* _Records to process_:
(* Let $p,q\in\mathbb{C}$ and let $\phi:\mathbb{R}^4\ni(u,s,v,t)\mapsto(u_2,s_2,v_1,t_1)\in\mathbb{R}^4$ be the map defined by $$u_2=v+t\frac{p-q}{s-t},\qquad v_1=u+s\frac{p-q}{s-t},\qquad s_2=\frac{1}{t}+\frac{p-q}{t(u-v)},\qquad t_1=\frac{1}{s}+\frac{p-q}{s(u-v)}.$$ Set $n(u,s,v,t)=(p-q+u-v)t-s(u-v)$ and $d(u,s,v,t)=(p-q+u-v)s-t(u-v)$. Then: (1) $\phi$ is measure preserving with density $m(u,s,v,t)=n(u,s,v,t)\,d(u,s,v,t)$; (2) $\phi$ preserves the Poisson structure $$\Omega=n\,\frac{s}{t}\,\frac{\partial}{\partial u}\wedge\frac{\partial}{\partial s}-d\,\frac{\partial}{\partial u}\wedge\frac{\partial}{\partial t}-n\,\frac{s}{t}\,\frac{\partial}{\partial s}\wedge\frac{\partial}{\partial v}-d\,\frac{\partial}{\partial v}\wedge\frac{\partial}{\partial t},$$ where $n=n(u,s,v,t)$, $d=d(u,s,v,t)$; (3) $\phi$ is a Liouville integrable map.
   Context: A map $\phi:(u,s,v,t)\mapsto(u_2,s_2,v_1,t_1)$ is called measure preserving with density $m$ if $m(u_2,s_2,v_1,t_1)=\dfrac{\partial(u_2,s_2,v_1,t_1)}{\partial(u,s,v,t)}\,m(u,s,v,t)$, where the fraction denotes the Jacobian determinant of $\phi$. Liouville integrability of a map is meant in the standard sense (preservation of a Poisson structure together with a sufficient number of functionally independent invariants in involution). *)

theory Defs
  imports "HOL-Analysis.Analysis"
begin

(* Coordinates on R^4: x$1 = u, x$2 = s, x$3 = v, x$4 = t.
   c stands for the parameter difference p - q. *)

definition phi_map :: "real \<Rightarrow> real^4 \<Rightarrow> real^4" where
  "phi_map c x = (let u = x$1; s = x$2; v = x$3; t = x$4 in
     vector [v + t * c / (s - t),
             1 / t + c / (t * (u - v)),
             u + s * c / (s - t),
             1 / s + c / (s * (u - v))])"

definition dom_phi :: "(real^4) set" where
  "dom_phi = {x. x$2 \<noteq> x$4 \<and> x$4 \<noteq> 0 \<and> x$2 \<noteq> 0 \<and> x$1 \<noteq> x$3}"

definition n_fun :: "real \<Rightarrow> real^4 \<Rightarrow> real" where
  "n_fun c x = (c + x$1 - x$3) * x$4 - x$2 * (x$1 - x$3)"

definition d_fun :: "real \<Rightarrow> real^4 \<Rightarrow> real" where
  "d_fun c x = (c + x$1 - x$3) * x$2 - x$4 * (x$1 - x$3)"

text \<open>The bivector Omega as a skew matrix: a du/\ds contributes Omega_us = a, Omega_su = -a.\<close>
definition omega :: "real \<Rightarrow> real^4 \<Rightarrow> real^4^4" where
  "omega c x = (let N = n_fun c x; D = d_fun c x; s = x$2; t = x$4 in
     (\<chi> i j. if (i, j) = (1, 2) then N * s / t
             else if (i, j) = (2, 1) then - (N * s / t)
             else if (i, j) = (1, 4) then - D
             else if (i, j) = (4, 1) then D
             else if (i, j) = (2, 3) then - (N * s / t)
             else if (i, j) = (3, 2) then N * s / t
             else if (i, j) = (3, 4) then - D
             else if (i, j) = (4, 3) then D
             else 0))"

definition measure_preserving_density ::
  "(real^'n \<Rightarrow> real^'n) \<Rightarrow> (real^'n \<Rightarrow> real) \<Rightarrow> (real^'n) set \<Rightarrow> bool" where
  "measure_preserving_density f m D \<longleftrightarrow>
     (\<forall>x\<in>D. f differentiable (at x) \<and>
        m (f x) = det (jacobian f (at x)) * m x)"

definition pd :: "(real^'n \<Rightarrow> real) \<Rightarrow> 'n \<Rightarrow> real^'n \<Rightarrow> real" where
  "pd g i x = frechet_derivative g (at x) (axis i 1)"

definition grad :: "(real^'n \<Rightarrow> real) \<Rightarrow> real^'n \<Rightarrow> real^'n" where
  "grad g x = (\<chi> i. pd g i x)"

* _Required action_: The answer must be every line of the records that holds the string "grad".

* _Solution for this problem_:
definition grad :: "(real^'n \<Rightarrow> real) \<Rightarrow> real^'n \<Rightarrow> real^'n" where
  "grad g x = (\<chi> i. pd g i x)"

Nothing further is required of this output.